From the election of Jimmy Carter to the start of George W. Bush’s presidency, innovative governors largely drove the nation’s domestic discussion. Welfare reform. School accountability. Reinventing government. Those and other issues that drove the headlines flowed out of capitals like Little Rock, Austin, Sacramento and Atlanta.
But then the domestic conversation mostly shifted back to Washington after 9/11 and remained there through last November’s elections. The shift was largely because homeland security, immigration reform and the federal deficit became such big issues. But it also was because the Obama administration led with stimulus packages and health care reforms that put Washington front and central.
Now, though, we are entering a period where political power is flowing back to the states. And here is the irony: governors are regaining clout because they are taking the lead on deficit issues, which usually have been a Washington matter.
The annual meeting of the nation’s governors in Washington underscored the latest shift. On Sunday morning, when most Americans are focused on something other than public finance, governors gathered around conference tables to listen to heavy-duty discussions about their budgets, including how to control Medicaid costs.
That latter one really is a monster. In almost every state, the percentages of their budgets that are devoted to Medicaid are rising at sharp rates. Which is why governors from both parties were asking for more freedom from Washington to manage Medicaid, which is a federal/state program.

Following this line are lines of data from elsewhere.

(* Let $X,E$ be Banach spaces, $m\ge2$, and $A\in\mathcal{L}_s(^mX;E)$ a continuous symmetric $m$-linear map, with canonical extension $\tilde A\in\mathcal{L}(^mX'';E'')$. The following are equivalent: (i) $\tilde A$ is symmetric; (ii) $\tilde A$ is weak-star-to-weak-star continuous in each variable; (iii) $i_{E'}'\circ\tilde{\tilde A}=\tilde A\circ(i_{X'}'\times\cdots\times i_{X'}')$ on $X^{iv}\times\cdots\times X^{iv}$; (iv) $\tilde A$ is weak-star-to-weak-star continuous in the second variable; (v) the first two variables of $\tilde A$ commute, i.e. $\tilde A(z_1,z_2,z_3,\dots,z_m)=\tilde A(z_2,z_1,z_3,\dots,z_m)$ for all $z_1,\dots,z_m\in X''$.
   Context: For a continuous $m$-linear map $A:X\times\cdots\times X\to E$, its canonical (Aron–Berner) extension $\tilde A:X''\times\cdots\times X''\to E''$ is $\tilde A(z_1,\dots,z_m)=w^*\text{-}\lim_{\alpha_1}\cdots w^*\text{-}\lim_{\alpha_m}A(x_{\alpha_1},\dots,x_{\alpha_m})$, where $(x_{\alpha_i})\subseteq X$ are nets weak-star converging to $z_i$ and the limits are taken one variable at a time from right to left (values regarded in $E''$). $\tilde{\tilde A}:X^{iv}\times\cdots\times X^{iv}\to E^{iv}$ is the canonical extension of $\tilde A$ in the same way. $i_Y:Y\to Y''$ is the canonical embedding, so $i_{X'}':X^{iv}\to X''$ and $i_{E'}':E^{iv}\to E''$ are the transposes of $i_{X'}$, $i_{E'}$ (restriction maps). *)

theory Defs
  imports "HOL-Analysis.Analysis"
begin

text \<open>Real Banach spaces are types of class banach; the (topological) dual of X
  is the type of bounded linear maps from X to real, so X'' is the dual of that, etc.
  An m-linear map X \<times> ... \<times> X \<rightarrow> E is modelled as a function on lists of
  length m.\<close>

type_synonym 'a dual = "'a \<Rightarrow>\<^sub>L real"
type_synonym 'a bidual = "('a \<Rightarrow>\<^sub>L real) \<Rightarrow>\<^sub>L real"

definition multilinear_on :: "nat \<Rightarrow> ('a::real_normed_vector list \<Rightarrow> 'e::real_normed_vector) \<Rightarrow> bool" where
  "multilinear_on m A \<longleftrightarrow>
     (\<forall>xs i. length xs = m \<longrightarrow> i < m \<longrightarrow> linear (\<lambda>x. A (xs[i := x])))"

definition bounded_mlin :: "nat \<Rightarrow> ('a::real_normed_vector list \<Rightarrow> 'e::real_normed_vector) \<Rightarrow> bool" where
  "bounded_mlin m A \<longleftrightarrow>
     (\<exists>C. \<forall>xs. length xs = m \<longrightarrow> norm (A xs) \<le> C * prod_list (map norm xs))"

definition cont_mlin :: "nat \<Rightarrow> ('a::real_normed_vector list \<Rightarrow> 'e::real_normed_vector) \<Rightarrow> bool" where
  "cont_mlin m A \<longleftrightarrow> multilinear_on m A \<and> bounded_mlin m A"

definition symmetric_mlin :: "nat \<Rightarrow> ('a list \<Rightarrow> 'e) \<Rightarrow> bool" where
  "symmetric_mlin m A \<longleftrightarrow>
     (\<forall>xs ys. length xs = m \<longrightarrow> mset ys = mset xs \<longrightarrow> A ys = A xs)"

text \<open>Iterated weak-star limits, right to left, for a scalar form B:
  taking the limit of the last variable x_m \<rightarrow> z_m (weak-star) of
  B(x_1,...,x_{m-1},x_m) gives z_m(x \<mapsto> B(x_1,...,x_{m-1},x)) by the very definition of
  weak-star convergence, and so on.\<close>
primrec ab_ext_scalar :: "('a::real_normed_vector list \<Rightarrow> real) \<Rightarrow> 'a bidual list \<Rightarrow> real" where
  "ab_ext_scalar B [] = B []"
| "ab_ext_scalar B (z # zs) =
     blinfun_apply z (Blinfun (\<lambda>x. ab_ext_scalar (\<lambda>ys. B (x # ys)) zs))"

definition ab_ext :: "('a::real_normed_vector list \<Rightarrow> 'e::real_normed_vector)
    \<Rightarrow> 'a bidual list \<Rightarrow> 'e bidual" where
  "ab_ext A zs = Blinfun (\<lambda>\<psi>. ab_ext_scalar (\<lambda>xs. blinfun_apply \<psi> (A xs)) zs)"

definition weak_star :: "'a::real_normed_vector bidual topology" where
  "weak_star = pullback_topology UNIV (\<lambda>z \<phi>. blinfun_apply z \<phi>)
                 (product_topology (\<lambda>_. euclideanreal) UNIV)"

definition can_emb :: "'a::real_normed_vector \<Rightarrow> 'a bidual" where
  "can_emb y = Blinfun (\<lambda>\<phi>. blinfun_apply \<phi> y)"

text \<open>transpose of i_{Y'} : Y' \<rightarrow> Y''', i.e. the map Y^{iv} \<rightarrow> Y'', w \<mapsto> w \<circ> i_{Y'}\<close>
definition emb_transpose :: "'a::real_normed_vector bidual bidual \<Rightarrow> 'a bidual" where
  "emb_transpose w = Blinfun (\<lambda>\<phi>. blinfun_apply w (can_emb \<phi>))"

end

theory Submission
  imports Defs
begin

(* The extension is computed one variable at a time,
  A~(z_1, ..., z_m) = z_1(x_1 |-> z_2(x_2 |-> ... z_m(x_m |-> A(x_1, ..., x_m)))),
  so it is weak-star continuous in its first variable, and a canonical point i_X x in any slot
  just fixes that argument of A. As A is symmetric, the first two variables of A~ therefore
  commute as soon as one of them is canonical.
  (v) implies (i) by induction on m: after fixing z_1, the symmetry of the remaining variables
  follows by moving a fixed canonical argument to the last slot.
  (i) gives (ii) by moving any variable to the first slot, and (iii) by evaluating the double
  extension slot by slot, each w in X^iv acting through its restriction i_{X'}'(w).
  (iv) gives (v) because two weak-star continuous functions of z_2 that agree on the weak-star
  dense image of X coincide; (iii) gives (v) because it forces the functional
  z_2 |-> A~(z_1, z_2, ...) on X'' to be weak-star continuous. *)

section \<open>Multilinear maps\<close>

lemma cont_mlin_linear:
  "cont_mlin m B \<Longrightarrow> length xs = m \<Longrightarrow> i < m \<Longrightarrow> linear (\<lambda>x. B (xs[i := x]))"
  unfolding cont_mlin_def multilinear_on_def by blast

lemma cont_mlin_bound:
  assumes "cont_mlin m B"
  obtains C where "C \<ge> 0" "\<And>xs. length xs = m \<Longrightarrow> norm (B xs) \<le> C * prod_list (map norm xs)"
proof -
  from assms obtain C where C: "\<And>xs. length xs = m \<Longrightarrow> norm (B xs) \<le> C * prod_list (map norm xs)"
    unfolding cont_mlin_def bounded_mlin_def by blast
  have "norm (B xs) \<le> max C 0 * prod_list (map norm xs)" if "length xs = m" for xs
    by (rule order_trans[OF C[OF that]]) (intro mult_right_mono prod_list_nonneg; auto)
  then show thesis by (intro that[of "max C 0"]) auto
qed

lemma cont_mlin_Cons:
  assumes "cont_mlin (Suc m) B"
  shows "cont_mlin m (\<lambda>ys. B (x # ys))"
proof -
  obtain C where C: "\<And>xs. length xs = Suc m \<Longrightarrow> norm (B xs) \<le> C * prod_list (map norm xs)"
    using assms by (metis cont_mlin_bound)
  have "multilinear_on m (\<lambda>ys. B (x # ys))"
    unfolding multilinear_on_def using cont_mlin_linear[OF assms, of "x # _" "Suc _"] by simp
  moreover have "norm (B (x # xs)) \<le> C * norm x * prod_list (map norm xs)" if "length xs = m" for xs
    using C[of "x # xs"] that by (simp add: mult.assoc)
  then have "bounded_mlin m (\<lambda>ys. B (x # ys))"
    unfolding bounded_mlin_def by blast
  ultimately show ?thesis unfolding cont_mlin_def by simp
qed

lemma cont_mlin_snoc:
  assumes "cont_mlin (Suc m) B"
  shows "cont_mlin m (\<lambda>ys. B (ys @ [x]))"
proof -
  obtain C where C: "\<And>xs. length xs = Suc m \<Longrightarrow> norm (B xs) \<le> C * prod_list (map norm xs)"
    using assms by (metis cont_mlin_bound)
  have "linear (\<lambda>t. B (xs[i := t] @ [x]))" if "length xs = m" "i < m" for xs i
    using cont_mlin_linear[OF assms, of "xs @ [x]" i] that by (simp add: list_update_append)
  then have "multilinear_on m (\<lambda>ys. B (ys @ [x]))"
    unfolding multilinear_on_def by blast
  moreover have "norm (B (xs @ [x])) \<le> C * norm x * prod_list (map norm xs)" if "length xs = m" for xs
    using C[of "xs @ [x]"] that by (simp add: ac_simps)
  then have "bounded_mlin m (\<lambda>ys. B (ys @ [x]))"
    unfolding bounded_mlin_def by blast
  ultimately show ?thesis unfolding cont_mlin_def by simp
qed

Of course, the big issue of the moment are the costs states face with their public employee unions. Ground Zero is in Wisconsin, but the issue is equally prominent in big-states like California, Michigan and New York.
Scott Walker, Wisconsin’s governor, has famously challenged the right of public employee unions to collectively bargain. His death-to-the-unions approach drew long lines of union picketers in front of the J.W. Marriott Hotel where the governors met. (Walker remained behind in Wisconsin, appearing at the governors’ convention only through a squawk box.)
But his approach is not the only one. Democratic Gov. Jerry Brown of California is seeking big concessions from the unions. And Michigan’s GOP Gov. Rick Snyder is taking the same tack: seek concessions on how much states spend on their public workers, but don’t try to break the unions’ back.
I’m in the latter camp because wringing out concessions is more likely to occur in most states than cracking the unions. I loved what Snyder told The Washington Post’s Dan Balz: “My model is getting results. And that’s how I want to speak to people. Where’s the common ground?”
Getting results about their deficits is why watching the governors is so fascinating once again. If some of their states show courage and control their spending and reform their tax codes, they will lay the predicate for Washington to do the same.
And, for Republicans, fiscal results will lead to a bumper crop of national leaders. GOP governors Mitch Daniels of Indiana and Chris Christie of New Jersey already are generating 2012 buzz. Time’s Joe Klein wrote recently that Daniels is the Republican that Obama should most worry about as a challenger.
I still think Obama will be hard to beat, largely because of his star quality. But results-oriented governors from both parties will increasingly drive the domestic conversation if they tame their budgets. That will be true no matter how the 2012 race sets up.
The states are back in the game.
• McKenzie is an editorial columnist for The Dallas Morning News.